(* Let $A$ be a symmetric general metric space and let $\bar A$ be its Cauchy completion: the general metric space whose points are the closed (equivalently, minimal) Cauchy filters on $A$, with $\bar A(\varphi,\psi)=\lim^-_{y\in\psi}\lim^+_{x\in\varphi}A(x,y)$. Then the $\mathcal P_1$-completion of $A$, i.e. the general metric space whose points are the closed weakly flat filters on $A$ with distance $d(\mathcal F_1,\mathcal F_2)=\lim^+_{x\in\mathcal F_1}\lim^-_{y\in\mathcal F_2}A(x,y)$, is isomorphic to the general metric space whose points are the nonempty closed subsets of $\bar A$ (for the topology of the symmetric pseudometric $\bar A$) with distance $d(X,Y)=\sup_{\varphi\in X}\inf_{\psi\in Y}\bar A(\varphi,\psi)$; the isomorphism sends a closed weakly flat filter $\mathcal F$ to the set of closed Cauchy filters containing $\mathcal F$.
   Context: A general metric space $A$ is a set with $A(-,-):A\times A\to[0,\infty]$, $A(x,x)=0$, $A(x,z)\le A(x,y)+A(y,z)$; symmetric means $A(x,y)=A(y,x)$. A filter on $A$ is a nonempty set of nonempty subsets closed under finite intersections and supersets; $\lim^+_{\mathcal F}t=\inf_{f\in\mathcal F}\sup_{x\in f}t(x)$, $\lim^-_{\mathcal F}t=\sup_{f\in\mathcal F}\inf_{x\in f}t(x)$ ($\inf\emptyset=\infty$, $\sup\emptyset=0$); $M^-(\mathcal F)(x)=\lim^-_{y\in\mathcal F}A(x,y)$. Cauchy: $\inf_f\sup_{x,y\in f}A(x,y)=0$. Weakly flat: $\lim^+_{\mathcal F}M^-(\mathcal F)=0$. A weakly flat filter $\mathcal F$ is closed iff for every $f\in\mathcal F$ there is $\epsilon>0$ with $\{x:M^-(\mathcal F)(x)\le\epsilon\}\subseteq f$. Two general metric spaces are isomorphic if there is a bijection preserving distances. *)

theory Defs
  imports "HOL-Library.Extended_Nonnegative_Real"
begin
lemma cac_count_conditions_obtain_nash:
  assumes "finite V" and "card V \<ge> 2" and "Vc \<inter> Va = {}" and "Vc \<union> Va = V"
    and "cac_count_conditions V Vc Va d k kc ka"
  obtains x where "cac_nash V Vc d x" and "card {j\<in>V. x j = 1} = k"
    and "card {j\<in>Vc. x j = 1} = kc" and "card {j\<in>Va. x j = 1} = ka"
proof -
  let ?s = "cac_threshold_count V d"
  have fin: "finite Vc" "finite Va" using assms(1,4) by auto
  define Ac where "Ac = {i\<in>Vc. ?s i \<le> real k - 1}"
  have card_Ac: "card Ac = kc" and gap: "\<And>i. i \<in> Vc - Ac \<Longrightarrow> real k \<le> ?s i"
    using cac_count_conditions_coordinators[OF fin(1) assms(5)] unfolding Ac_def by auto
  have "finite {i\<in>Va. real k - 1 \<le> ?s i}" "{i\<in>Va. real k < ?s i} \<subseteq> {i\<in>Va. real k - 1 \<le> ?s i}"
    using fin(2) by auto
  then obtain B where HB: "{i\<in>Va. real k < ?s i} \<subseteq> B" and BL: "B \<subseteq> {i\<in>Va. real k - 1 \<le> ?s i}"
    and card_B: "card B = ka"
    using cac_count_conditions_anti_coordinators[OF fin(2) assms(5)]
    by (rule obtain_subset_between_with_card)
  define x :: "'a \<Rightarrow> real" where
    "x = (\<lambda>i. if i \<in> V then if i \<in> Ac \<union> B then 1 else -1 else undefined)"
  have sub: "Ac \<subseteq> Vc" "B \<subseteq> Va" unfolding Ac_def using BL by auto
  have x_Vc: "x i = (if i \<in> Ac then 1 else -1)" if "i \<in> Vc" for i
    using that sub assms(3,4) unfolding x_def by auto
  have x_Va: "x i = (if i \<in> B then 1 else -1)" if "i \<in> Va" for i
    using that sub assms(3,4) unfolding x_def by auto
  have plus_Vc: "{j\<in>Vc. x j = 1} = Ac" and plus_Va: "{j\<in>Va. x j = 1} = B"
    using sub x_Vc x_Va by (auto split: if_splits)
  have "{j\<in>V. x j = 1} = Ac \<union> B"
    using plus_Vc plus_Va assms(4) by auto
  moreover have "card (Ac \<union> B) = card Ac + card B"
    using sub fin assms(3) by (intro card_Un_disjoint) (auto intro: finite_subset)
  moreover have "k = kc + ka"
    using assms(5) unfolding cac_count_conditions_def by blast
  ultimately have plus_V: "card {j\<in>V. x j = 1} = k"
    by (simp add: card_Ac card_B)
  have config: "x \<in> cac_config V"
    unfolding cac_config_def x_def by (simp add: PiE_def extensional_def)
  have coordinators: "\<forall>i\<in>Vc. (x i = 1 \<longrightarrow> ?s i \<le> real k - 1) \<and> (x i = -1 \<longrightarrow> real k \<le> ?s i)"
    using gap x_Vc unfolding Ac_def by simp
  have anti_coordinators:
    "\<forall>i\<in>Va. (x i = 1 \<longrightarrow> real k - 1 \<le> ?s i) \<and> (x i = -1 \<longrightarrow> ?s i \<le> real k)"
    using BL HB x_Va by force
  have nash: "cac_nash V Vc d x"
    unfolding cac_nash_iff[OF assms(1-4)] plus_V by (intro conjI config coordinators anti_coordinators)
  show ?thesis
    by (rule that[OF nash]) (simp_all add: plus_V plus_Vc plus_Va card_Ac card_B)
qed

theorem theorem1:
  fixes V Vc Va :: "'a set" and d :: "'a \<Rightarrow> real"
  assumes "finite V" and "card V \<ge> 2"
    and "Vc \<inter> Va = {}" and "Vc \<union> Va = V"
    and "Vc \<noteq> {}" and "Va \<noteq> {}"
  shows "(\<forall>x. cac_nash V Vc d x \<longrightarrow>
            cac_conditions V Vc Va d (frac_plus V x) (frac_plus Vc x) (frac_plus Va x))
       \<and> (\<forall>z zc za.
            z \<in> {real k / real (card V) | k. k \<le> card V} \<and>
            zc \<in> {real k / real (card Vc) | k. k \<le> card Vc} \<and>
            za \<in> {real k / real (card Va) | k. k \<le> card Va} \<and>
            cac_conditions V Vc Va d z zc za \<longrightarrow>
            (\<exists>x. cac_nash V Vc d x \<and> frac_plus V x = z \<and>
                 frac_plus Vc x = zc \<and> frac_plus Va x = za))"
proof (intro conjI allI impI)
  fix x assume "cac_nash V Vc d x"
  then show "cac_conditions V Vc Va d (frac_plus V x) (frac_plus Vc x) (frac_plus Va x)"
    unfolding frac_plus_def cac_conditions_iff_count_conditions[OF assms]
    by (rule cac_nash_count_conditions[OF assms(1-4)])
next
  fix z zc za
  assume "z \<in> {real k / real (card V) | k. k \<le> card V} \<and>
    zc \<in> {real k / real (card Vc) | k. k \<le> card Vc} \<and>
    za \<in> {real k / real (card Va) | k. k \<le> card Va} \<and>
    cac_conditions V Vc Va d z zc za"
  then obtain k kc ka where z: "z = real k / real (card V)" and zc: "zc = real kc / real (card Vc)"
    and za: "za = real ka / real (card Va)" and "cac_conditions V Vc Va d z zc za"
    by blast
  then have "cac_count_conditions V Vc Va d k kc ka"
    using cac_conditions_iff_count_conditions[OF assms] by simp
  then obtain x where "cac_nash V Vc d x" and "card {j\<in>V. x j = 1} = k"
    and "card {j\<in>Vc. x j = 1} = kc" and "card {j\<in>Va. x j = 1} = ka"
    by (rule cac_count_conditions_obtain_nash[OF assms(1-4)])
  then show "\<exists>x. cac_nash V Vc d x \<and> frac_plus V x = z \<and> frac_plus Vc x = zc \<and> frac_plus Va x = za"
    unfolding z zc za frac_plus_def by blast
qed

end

## Exercise description
Take every line from the listing above that includes the word "assumes" and copy it.

## Answer to the problem
  assumes "finite V" and "card V \<ge> 2" and "Vc \<inter> Va = {}" and "Vc \<union> Va = V"
  assumes "finite V" and "card V \<ge> 2"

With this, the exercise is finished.